Exercise description:
When the line containing "define E where" is found in the data below, copy it and each line after it through the line containing "1) * (\<Sum>j\<le>N. u", exactly and with no others.

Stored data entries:
***

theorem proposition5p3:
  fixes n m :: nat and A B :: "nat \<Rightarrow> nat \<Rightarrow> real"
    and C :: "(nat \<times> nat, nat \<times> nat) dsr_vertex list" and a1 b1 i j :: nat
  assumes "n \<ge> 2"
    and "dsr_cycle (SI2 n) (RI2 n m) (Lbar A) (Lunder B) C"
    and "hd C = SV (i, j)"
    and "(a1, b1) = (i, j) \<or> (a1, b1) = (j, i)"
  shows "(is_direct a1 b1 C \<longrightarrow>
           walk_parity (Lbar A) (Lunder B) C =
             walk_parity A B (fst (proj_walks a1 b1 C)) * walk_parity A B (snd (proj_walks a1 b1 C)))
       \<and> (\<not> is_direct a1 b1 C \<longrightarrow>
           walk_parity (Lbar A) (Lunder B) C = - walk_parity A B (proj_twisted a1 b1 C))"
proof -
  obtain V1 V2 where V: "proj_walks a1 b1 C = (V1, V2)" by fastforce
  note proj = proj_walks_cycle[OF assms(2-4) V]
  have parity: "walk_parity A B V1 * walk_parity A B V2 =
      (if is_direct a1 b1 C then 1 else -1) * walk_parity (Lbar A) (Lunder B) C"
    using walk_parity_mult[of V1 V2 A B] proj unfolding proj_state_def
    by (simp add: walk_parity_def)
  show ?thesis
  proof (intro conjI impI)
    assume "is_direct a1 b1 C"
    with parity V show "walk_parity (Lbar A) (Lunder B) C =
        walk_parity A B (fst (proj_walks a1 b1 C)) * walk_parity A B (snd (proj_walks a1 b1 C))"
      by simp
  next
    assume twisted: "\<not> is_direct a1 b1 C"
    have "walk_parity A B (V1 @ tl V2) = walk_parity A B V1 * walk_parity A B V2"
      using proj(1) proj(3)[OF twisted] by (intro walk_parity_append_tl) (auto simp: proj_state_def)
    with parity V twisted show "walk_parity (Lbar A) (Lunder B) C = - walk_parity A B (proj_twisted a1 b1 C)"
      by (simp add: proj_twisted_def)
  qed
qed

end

***

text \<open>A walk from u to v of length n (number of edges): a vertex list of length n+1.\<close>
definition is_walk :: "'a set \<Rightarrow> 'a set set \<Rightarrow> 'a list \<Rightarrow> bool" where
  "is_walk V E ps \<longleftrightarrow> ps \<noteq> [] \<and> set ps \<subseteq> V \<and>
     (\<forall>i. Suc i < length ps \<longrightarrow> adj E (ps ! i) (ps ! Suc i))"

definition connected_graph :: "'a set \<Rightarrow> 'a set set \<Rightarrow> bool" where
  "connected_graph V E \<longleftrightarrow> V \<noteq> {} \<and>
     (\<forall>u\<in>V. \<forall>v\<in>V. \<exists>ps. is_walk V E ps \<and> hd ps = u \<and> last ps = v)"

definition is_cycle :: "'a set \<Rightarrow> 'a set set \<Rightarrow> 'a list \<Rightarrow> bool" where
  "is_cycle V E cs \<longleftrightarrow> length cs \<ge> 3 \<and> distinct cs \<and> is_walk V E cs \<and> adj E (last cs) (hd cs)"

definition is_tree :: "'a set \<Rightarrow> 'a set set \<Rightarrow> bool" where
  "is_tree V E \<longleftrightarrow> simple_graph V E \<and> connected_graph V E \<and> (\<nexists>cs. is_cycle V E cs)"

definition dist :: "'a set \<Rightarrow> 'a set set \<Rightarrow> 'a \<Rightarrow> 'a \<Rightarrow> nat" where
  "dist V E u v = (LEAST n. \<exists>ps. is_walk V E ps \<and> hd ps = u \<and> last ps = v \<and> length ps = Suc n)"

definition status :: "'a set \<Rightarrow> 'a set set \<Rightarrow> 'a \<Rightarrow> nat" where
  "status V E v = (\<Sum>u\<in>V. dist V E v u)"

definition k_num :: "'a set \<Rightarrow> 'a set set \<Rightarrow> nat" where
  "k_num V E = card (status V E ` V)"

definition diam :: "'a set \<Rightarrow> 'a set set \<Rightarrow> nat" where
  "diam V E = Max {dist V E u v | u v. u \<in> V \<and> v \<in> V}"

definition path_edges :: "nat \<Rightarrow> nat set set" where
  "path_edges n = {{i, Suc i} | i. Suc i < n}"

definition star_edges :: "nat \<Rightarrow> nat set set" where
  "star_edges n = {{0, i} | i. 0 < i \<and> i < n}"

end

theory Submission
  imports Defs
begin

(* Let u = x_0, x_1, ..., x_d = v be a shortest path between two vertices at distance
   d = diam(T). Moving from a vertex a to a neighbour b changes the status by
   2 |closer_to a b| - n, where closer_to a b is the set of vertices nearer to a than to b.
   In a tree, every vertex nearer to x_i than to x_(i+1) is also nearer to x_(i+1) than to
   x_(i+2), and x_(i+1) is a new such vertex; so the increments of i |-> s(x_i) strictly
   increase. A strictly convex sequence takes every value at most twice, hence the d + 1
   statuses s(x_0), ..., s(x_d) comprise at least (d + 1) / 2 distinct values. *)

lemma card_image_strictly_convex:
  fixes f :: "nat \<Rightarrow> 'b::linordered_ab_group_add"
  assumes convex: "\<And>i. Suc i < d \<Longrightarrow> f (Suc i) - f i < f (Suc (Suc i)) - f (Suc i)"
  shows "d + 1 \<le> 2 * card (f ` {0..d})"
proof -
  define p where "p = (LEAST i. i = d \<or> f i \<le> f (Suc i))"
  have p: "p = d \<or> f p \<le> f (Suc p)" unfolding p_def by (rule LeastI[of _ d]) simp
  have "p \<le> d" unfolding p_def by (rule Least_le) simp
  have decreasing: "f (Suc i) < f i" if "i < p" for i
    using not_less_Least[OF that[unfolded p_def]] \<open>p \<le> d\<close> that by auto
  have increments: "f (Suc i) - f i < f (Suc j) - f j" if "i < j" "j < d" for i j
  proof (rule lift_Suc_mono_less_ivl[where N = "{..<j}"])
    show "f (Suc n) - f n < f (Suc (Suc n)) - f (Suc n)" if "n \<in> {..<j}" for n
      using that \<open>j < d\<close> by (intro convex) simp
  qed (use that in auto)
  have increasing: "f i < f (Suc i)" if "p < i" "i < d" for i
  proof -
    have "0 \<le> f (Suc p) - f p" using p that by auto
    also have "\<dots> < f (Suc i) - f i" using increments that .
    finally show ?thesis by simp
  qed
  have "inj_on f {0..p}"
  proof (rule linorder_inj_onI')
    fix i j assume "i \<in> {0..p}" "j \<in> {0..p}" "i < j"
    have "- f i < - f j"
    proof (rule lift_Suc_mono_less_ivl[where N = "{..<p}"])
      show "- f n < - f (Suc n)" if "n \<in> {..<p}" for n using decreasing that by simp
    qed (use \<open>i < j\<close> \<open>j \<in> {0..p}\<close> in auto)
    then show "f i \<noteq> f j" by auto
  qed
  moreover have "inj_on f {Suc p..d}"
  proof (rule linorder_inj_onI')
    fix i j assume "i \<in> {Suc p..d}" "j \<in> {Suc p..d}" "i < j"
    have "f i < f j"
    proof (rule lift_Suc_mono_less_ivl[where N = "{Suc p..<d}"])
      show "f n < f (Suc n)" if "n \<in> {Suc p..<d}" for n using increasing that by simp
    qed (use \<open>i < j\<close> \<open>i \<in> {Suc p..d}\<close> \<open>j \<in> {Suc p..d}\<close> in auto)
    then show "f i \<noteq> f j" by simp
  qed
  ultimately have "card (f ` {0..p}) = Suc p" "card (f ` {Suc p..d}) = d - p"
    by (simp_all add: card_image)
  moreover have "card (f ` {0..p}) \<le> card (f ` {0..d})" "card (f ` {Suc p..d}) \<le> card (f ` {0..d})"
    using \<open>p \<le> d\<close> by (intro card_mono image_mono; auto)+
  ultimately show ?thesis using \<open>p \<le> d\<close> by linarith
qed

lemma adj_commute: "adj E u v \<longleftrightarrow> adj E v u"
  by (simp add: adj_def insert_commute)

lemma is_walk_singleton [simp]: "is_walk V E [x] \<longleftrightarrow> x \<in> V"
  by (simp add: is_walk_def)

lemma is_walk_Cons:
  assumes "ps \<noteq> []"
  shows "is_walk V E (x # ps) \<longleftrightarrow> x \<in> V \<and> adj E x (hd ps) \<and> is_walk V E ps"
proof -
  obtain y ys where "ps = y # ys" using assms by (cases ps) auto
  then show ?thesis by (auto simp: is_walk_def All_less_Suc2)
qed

***

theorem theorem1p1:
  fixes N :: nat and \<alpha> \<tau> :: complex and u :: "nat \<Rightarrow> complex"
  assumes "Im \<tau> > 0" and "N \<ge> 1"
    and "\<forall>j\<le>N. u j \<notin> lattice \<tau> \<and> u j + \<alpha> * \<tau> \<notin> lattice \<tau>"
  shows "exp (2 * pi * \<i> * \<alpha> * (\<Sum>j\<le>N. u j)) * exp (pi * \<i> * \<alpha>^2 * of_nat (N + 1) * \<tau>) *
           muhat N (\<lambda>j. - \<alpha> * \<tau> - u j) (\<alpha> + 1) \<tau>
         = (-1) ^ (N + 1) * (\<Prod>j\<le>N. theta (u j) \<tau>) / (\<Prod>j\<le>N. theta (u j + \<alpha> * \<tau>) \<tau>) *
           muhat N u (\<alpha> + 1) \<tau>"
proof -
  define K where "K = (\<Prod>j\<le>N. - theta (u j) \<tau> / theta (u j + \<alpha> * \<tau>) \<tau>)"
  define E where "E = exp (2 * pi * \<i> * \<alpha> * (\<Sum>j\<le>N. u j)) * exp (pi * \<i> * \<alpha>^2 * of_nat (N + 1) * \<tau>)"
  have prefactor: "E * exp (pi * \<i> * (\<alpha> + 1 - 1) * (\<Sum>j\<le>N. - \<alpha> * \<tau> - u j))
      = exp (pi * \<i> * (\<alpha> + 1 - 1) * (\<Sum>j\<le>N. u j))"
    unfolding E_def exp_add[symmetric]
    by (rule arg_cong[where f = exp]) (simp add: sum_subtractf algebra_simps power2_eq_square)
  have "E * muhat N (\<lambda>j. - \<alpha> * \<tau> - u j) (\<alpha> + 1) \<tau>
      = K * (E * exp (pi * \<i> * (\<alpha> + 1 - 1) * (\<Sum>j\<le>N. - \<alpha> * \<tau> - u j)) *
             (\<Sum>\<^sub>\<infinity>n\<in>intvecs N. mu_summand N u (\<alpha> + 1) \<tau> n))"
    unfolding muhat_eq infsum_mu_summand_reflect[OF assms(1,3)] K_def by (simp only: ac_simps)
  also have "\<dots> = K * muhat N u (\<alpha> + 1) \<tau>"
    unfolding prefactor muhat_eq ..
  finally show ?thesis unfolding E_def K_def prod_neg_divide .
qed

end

***

Output for this exercise:
  define E where "E = exp (2 * pi * \<i> * \<alpha> * (\<Sum>j\<le>N. u j)) * exp (pi * \<i> * \<alpha>^2 * of_nat (N + 1) * \<tau>)"
  have prefactor: "E * exp (pi * \<i> * (\<alpha> + 1 - 1) * (\<Sum>j\<le>N. - \<alpha> * \<tau> - u j))
      = exp (pi * \<i> * (\<alpha> + 1 - 1) * (\<Sum>j\<le>N. u j))"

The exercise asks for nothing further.